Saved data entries
>>>
definition dirderiv :: "'a::euclidean_space \<Rightarrow> ('a \<Rightarrow> complex) \<Rightarrow> 'a \<Rightarrow> complex" where
  "dirderiv v f x = vector_derivative (\<lambda>t::real. f (x + t *\<^sub>R v)) (at 0)"

fun ideriv :: "'a::euclidean_space list \<Rightarrow> ('a \<Rightarrow> complex) \<Rightarrow> 'a \<Rightarrow> complex" where
  "ideriv [] f = f"
| "ideriv (v # vs) f = dirderiv v (ideriv vs f)"

definition schwartz :: "('a::euclidean_space \<Rightarrow> complex) \<Rightarrow> bool" where
  "schwartz f \<longleftrightarrow>
     (\<forall>ds. set ds \<subseteq> Basis \<longrightarrow>
        (\<forall>v\<in>Basis. \<forall>x. (\<lambda>t::real. ideriv ds f (x + t *\<^sub>R v)) differentiable (at 0)) \<and>
        (\<forall>N::nat. \<exists>C. \<forall>x. (1 + norm x) ^ N * norm (ideriv ds f x) \<le> C))"

definition sw_seminorm :: "nat \<Rightarrow> 'a::euclidean_space list \<Rightarrow> ('a \<Rightarrow> complex) \<Rightarrow> real" where
  "sw_seminorm N ds f = (SUP x. (1 + norm x) ^ N * norm (ideriv ds f x))"

text \<open>Tempered distributions: continuous linear functionals on the Schwartz space
  (only their values on Schwartz functions matter).\<close>
definition tempered :: "(('a::euclidean_space \<Rightarrow> complex) \<Rightarrow> complex) \<Rightarrow> bool" where
  "tempered T \<longleftrightarrow>
     (\<forall>f g. schwartz f \<longrightarrow> schwartz g \<longrightarrow> T (\<lambda>x. f x + g x) = T f + T g) \<and>
     (\<forall>f c. schwartz f \<longrightarrow> T (\<lambda>x. c * f x) = c * T f) \<and>
     (\<exists>C N M. \<forall>f. schwartz f \<longrightarrow>
        norm (T f) \<le> C * (\<Sum>ds\<in>{ds. set ds \<subseteq> Basis \<and> length ds \<le> M}. sw_seminorm N ds f))"

definition dilate :: "real \<Rightarrow> ('a::euclidean_space \<Rightarrow> complex) \<Rightarrow> 'a \<Rightarrow> complex" where
  "dilate s \<phi> x = complex_of_real (1 / s ^ DIM('a)) * \<phi> ((1 / s) *\<^sub>R x)"

definition dconv :: "(('a::euclidean_space \<Rightarrow> complex) \<Rightarrow> complex) \<Rightarrow> ('a \<Rightarrow> complex) \<Rightarrow> 'a \<Rightarrow> complex" where
  "dconv T \<psi> x = T (\<lambda>y. \<psi> (x - y))"

definition locmax :: "(('a::euclidean_space \<Rightarrow> complex) \<Rightarrow> complex) \<Rightarrow> ('a \<Rightarrow> complex) \<Rightarrow> 'a \<Rightarrow> ennreal" where
  "locmax T \<phi> x = (SUP s\<in>{0<..<1::real}. ennreal (norm (dconv T (dilate s \<phi>) x)))"

definition PhiP :: "real \<Rightarrow> real \<Rightarrow> real" where
  "PhiP p \<tau> = \<tau> / (1 + \<tau> powr (1 - p))"

definition phiP :: "real \<Rightarrow> 'a::euclidean_space \<Rightarrow> real \<Rightarrow> real" where
  "phiP p x t =
     (if \<exists>k::nat. real DIM('a) * (1 / p - 1) = real k
      then t / (1 + (t * (1 + norm x) ^ DIM('a)) powr (1 - p) * (ln (exp 1 + norm x)) powr p)
      else t / (1 + (t * (1 + norm x) ^ DIM('a)) powr (1 - p)))"

text \<open>Extension to the value infinity (both functions tend to infinity as t does).\<close>
definition ext_inf :: "(real \<Rightarrow> real) \<Rightarrow> ennreal \<Rightarrow> ennreal" where
  "ext_inf F t = (if t = \<infinity> then \<infinity> else ennreal (F (enn2real t)))"

text \<open>A (possibly infinite) nonnegative function has finite Luxemburg quasi-norm iff
  the set of admissible lambda is nonempty, i.e. the infimum is finite.\<close>
definition LPhi_norm :: "real \<Rightarrow> ('a::euclidean_space \<Rightarrow> ennreal) \<Rightarrow> ennreal" where
  "LPhi_norm p g = (INF l\<in>{l::real. 0 < l \<and>
        (\<integral>\<^sup>+ x. ext_inf (PhiP p) (g x / ennreal l) \<partial>lborel) \<le> 1}. ennreal l)"

definition Lphi_norm :: "real \<Rightarrow> ('a::euclidean_space \<Rightarrow> ennreal) \<Rightarrow> ennreal" where
  "Lphi_norm p g = (INF l\<in>{l::real. 0 < l \<and>
        (\<integral>\<^sup>+ x. ext_inf (phiP p x) (g x / ennreal l) \<partial>lborel) \<le> 1}. ennreal l)"

definition h_PhiP :: "real \<Rightarrow> ('a::euclidean_space \<Rightarrow> complex) \<Rightarrow> (('a \<Rightarrow> complex) \<Rightarrow> complex) set" where
  "h_PhiP p \<phi> = {T. tempered T \<and> LPhi_norm p (locmax T \<phi>) < \<infinity>}"

definition h_phiP :: "real \<Rightarrow> ('a::euclidean_space \<Rightarrow> complex) \<Rightarrow> (('a \<Rightarrow> complex) \<Rightarrow> complex) set" where
  "h_phiP p \<phi> = {T. tempered T \<and> Lphi_norm p (locmax T \<phi>) < \<infinity>}"

end

theory Submission
  imports Defs
begin

text \<open>The inclusion is pointwise: \<open>phiP p x t \<le> PhiP p t\<close>. For strictness take the sum T
  of Dirac masses at the points 2^j e on a coordinate axis. Choosing the scale s so that the
  bump of the dilate of \<open>\<phi>\<close> sits on a single tooth, m(T, \<phi>) stays above a fixed level on a
  ball of fixed radius around every tooth; as the modular of \<open>PhiP p\<close> carries no weight in
  x, it diverges. Conversely, m(T, \<phi>)(x) is at most the sum over j of A(|x - 2^j e|) for a
  majorant A of all dilates with s in (0, 1), and \<open>phiP p x t \<le> t^p (1 + |x|)^(-n(1-p))\<close>.
  By p-subadditivity of \<open>t \<mapsto> t^p\<close> the j-th tooth contributes O((1 + 2^j)^(-n(1-p))) to the
  modular of \<open>phiP p\<close>, a geometric series.\<close>

section \<open>Orlicz functions and Luxemburg quasi-norms\<close>

lemma divide_one_plus_powr_mono:
  fixes s t c q :: real
  assumes "0 \<le> s" "s \<le> t" "0 \<le> c" "q \<le> 1"
  shows "s / (1 + c * s powr q) \<le> t / (1 + c * t powr q)"
proof (cases "s = 0")
  case True
  then show ?thesis using assms by (simp add: add_nonneg_pos)
next
  case False
  then have s: "0 < s" and t: "0 < t" using assms by auto
  have "t powr (q - 1) \<le> s powr (q - 1)"
    using s assms by (intro powr_mono2') auto
  then have "s * t * t powr (q - 1) \<le> s * t * s powr (q - 1)"
    using s t by (intro mult_left_mono) auto
  then have "s * t powr q \<le> t * s powr q"
    using s t by (simp add: powr_diff field_simps)
  then have "c * (s * t powr q) \<le> c * (t * s powr q)"
    using assms(3) by (rule mult_left_mono)
  then have "s * (1 + c * t powr q) \<le> t * (1 + c * s powr q)"
    using assms(2) by (simp add: algebra_simps)
  then show ?thesis
    using s t assms by (simp add: divide_simps add_pos_nonneg)
qed

lemma PhiP_mono: "0 \<le> p \<Longrightarrow> 0 \<le> s \<Longrightarrow> s \<le> t \<Longrightarrow> PhiP p s \<le> PhiP p t"
  using divide_one_plus_powr_mono[of s t 1 "1 - p"] unfolding PhiP_def by simp

lemma PhiP_pos: "0 < t \<Longrightarrow> 0 < PhiP p t"
  unfolding PhiP_def by (simp add: add_pos_nonneg)

text \<open>The logarithmic factor in the critical case only enlarges the weight in front of
  \<open>t powr (1 - p)\<close>; all that matters below is a lower bound for it.\<close>
lemma phiP_eq_weighted:
  fixes x :: "'a::euclidean_space"
  assumes "0 < p" "p < 1"
  obtains c where "((1 + norm x) ^ DIM('a)) powr (1 - p) \<le> c"
    "\<And>t. 0 \<le> t \<Longrightarrow> phiP p x t = t / (1 + c * t powr (1 - p))"
proof -
  define W where "W = (1 + norm x) ^ DIM('a)"
  have W1: "1 \<le> W" unfolding W_def by simp
  have Wq: "1 \<le> W powr (1 - p)" using W1 assms by (intro ge_one_powr_ge_zero) auto
  have "1 \<le> ln (exp 1 + norm x)"
    by (subst ln_ge_iff) (auto intro: add_pos_nonneg)
  then have L: "1 \<le> ln (exp 1 + norm x) powr p" using assms by (intro ge_one_powr_ge_zero) auto
  define c where "c = (if \<exists>k::nat. real DIM('a) * (1 / p - 1) = real k
     then W powr (1 - p) * ln (exp 1 + norm x) powr p else W powr (1 - p))"
  have "W powr (1 - p) \<le> c"
    using L Wq unfolding c_def by (auto intro: order_trans[OF _ mult_left_mono[of 1]])
  moreover have "phiP p x t = t / (1 + c * t powr (1 - p))" if "0 \<le> t" for t
    using that W1 unfolding phiP_def c_def W_def by (auto simp: powr_mult mult_ac)
  ultimately show ?thesis using that unfolding W_def by blast
qed

lemma phiP_mono:
  fixes x :: "'a::euclidean_space"
  assumes "0 < p" "p < 1" "0 \<le> s" "s \<le> t"
  shows "phiP p x s \<le> phiP p x t"
proof -
  obtain c where c: "((1 + norm x) ^ DIM('a)) powr (1 - p) \<le> c"
    "\<And>t. 0 \<le> t \<Longrightarrow> phiP p x t = t / (1 + c * t powr (1 - p))"
    using phiP_eq_weighted[OF assms(1,2)] by blast
  have "0 \<le> c" using c(1) by (meson order_trans powr_ge_zero)
  then show ?thesis using assms c(2)[of s] c(2)[of t] divide_one_plus_powr_mono[of s t c "1 - p"] by simp
qed

lemma phiP_le_PhiP:
  fixes x :: "'a::euclidean_space"
  assumes "0 < p" "p < 1" "0 \<le> t"
  shows "phiP p x t \<le> PhiP p t"
proof -
  obtain c where c: "((1 + norm x) ^ DIM('a)) powr (1 - p) \<le> c"
    "\<And>t. 0 \<le> t \<Longrightarrow> phiP p x t = t / (1 + c * t powr (1 - p))"
    using phiP_eq_weighted[OF assms(1,2)] by blast
  have "1 \<le> ((1 + norm x) ^ DIM('a)) powr (1 - p)"
    using assms by (intro ge_one_powr_ge_zero) auto
  then have c1: "1 \<le> c" using c(1) by linarith
  then have "t powr (1 - p) \<le> c * t powr (1 - p)"
    by (simp add: mult_le_cancel_right1)
  then have "t / (1 + c * t powr (1 - p)) \<le> t / (1 + t powr (1 - p))"
    using assms c1 by (intro divide_left_mono) (auto intro!: add_pos_nonneg mult_pos_pos)
  then show ?thesis using c(2)[OF assms(3)] unfolding PhiP_def by simp
qed

lemma phiP_le_powr:
  fixes x :: "'a::euclidean_space"
  assumes "0 < p" "p < 1" "0 \<le> t"
  shows "phiP p x t \<le> t powr p * ((1 + norm x) ^ DIM('a)) powr (p - 1)"
proof -
  define W where "W = ((1 + norm x) ^ DIM('a)) powr (1 - p)"
  have "0 < 1 + norm x" by (simp add: add_pos_nonneg)
  then have W0: "0 < W" unfolding W_def by simp
  obtain c where c: "W \<le> c" "\<And>t. 0 \<le> t \<Longrightarrow> phiP p x t = t / (1 + c * t powr (1 - p))"
    using phiP_eq_weighted[OF assms(1,2)] unfolding W_def by blast
  show ?thesis
  proof (cases "t = 0")
    case True
    then show ?thesis using c(2) by simp
  next
    case False
    then have t: "0 < t" using assms by simp
    have "W * t powr (1 - p) \<le> c * t powr (1 - p)"
      using c(1) by (rule mult_right_mono) simp
    then have le: "W * t powr (1 - p) \<le> 1 + c * t powr (1 - p)" by simp
    have pos: "0 < W * t powr (1 - p)" using W0 t by simp
    then have "0 < (1 + c * t powr (1 - p)) * (W * t powr (1 - p))"
      using le by (metis less_le_trans mult_pos_pos)
    then have "t / (1 + c * t powr (1 - p)) \<le> t / (W * t powr (1 - p))"
      using t le by (intro divide_left_mono) auto
    also have "\<dots> = t powr p / W"
      using t W0 by (simp add: powr_diff field_simps)
    also have "\<dots> = t powr p * ((1 + norm x) ^ DIM('a)) powr (p - 1)"
      using \<open>0 < 1 + norm x\<close> unfolding W_def by (simp add: powr_minus_divide[symmetric] divide_inverse powr_minus[symmetric])
    finally show ?thesis using c(2)[OF assms(3)] by simp
  qed
qed

lemma ext_inf_mono_fun:
  assumes "\<And>t. 0 \<le> t \<Longrightarrow> F t \<le> G t"
  shows "ext_inf F v \<le> ext_inf G v"
  unfolding ext_inf_def using assms[of "enn2real v"] by (auto intro: ennreal_leI)

lemma ext_inf_PhiP_ge:
  assumes "0 \<le> p" "0 \<le> c" "ennreal c \<le> v"
  shows "ennreal (PhiP p c) \<le> ext_inf (PhiP p) v"
proof (cases "v = \<infinity>")
  case True
  then show ?thesis unfolding ext_inf_def by simp
next
  case False
  then have "v = ennreal (enn2real v)" by (simp add: less_top)
  then have "c \<le> enn2real v"
    using assms(3) by (metis ennreal_le_iff enn2real_nonneg)
  then show ?thesis
    using False PhiP_mono[OF assms(1,2)] unfolding ext_inf_def by (simp add: ennreal_leI)
qed

lemma INF_ennreal_less_top_iff: "(INF l\<in>A. ennreal l) < \<infinity> \<longleftrightarrow> A \<noteq> {}"
proof
  assume "(INF l\<in>A. ennreal l) < \<infinity>"
  then show "A \<noteq> {}" by auto
next
  assume "A \<noteq> {}"
  then obtain l where "l \<in> A" by blast
  then have "(INF l\<in>A. ennreal l) \<le> ennreal l" by (rule INF_lower)
  then show "(INF l\<in>A. ennreal l) < \<infinity>" by (simp add: le_less_trans)
qed

lemma LPhi_norm_less_top_iff:
  "LPhi_norm p g < \<infinity> \<longleftrightarrow> (\<exists>l>0. (\<integral>\<^sup>+ x. ext_inf (PhiP p) (g x / ennreal l) \<partial>lborel) \<le> 1)"
  unfolding LPhi_norm_def INF_ennreal_less_top_iff by auto

lemma Lphi_norm_less_top_iff:
  "Lphi_norm p g < \<infinity> \<longleftrightarrow> (\<exists>l>0. (\<integral>\<^sup>+ x. ext_inf (phiP p x) (g x / ennreal l) \<partial>lborel) \<le> 1)"
  unfolding Lphi_norm_def INF_ennreal_less_top_iff by auto

lemma h_PhiP_subset_h_phiP:
  assumes "0 < p" "p < 1"
  shows "h_PhiP p \<phi> \<subseteq> h_phiP p \<phi>"
proof
  fix T assume T: "T \<in> h_PhiP p \<phi>"
  then obtain l where l: "0 < l"
    "(\<integral>\<^sup>+ x. ext_inf (PhiP p) (locmax T \<phi> x / ennreal l) \<partial>lborel) \<le> 1"
    using LPhi_norm_less_top_iff unfolding h_PhiP_def by blast
  have "(\<integral>\<^sup>+ x. ext_inf (phiP p x) (locmax T \<phi> x / ennreal l) \<partial>lborel)
      \<le> (\<integral>\<^sup>+ x. ext_inf (PhiP p) (locmax T \<phi> x / ennreal l) \<partial>lborel)"
    using phiP_le_PhiP[OF assms] by (intro nn_integral_mono ext_inf_mono_fun) auto
  with l have "Lphi_norm p (locmax T \<phi>) < \<infinity>"
    unfolding Lphi_norm_less_top_iff by (blast intro: order_trans)
  with T show "T \<in> h_phiP p \<phi>"
    unfolding h_PhiP_def h_phiP_def by simp
qed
<<<
**WORK INSTRUCTIONS**
Quote exactly the stretch of lines above that starts at the first one and ends at the line with "f = dirderiv", and nothing beyond it.

**EXERCISE SOLUTION**
definition dirderiv :: "'a::euclidean_space \<Rightarrow> ('a \<Rightarrow> complex) \<Rightarrow> 'a \<Rightarrow> complex" where
  "dirderiv v f x = vector_derivative (\<lambda>t::real. f (x + t *\<^sub>R v)) (at 0)"

fun ideriv :: "'a::euclidean_space list \<Rightarrow> ('a \<Rightarrow> complex) \<Rightarrow> 'a \<Rightarrow> complex" where
  "ideriv [] f = f"
| "ideriv (v # vs) f = dirderiv v (ideriv vs f)"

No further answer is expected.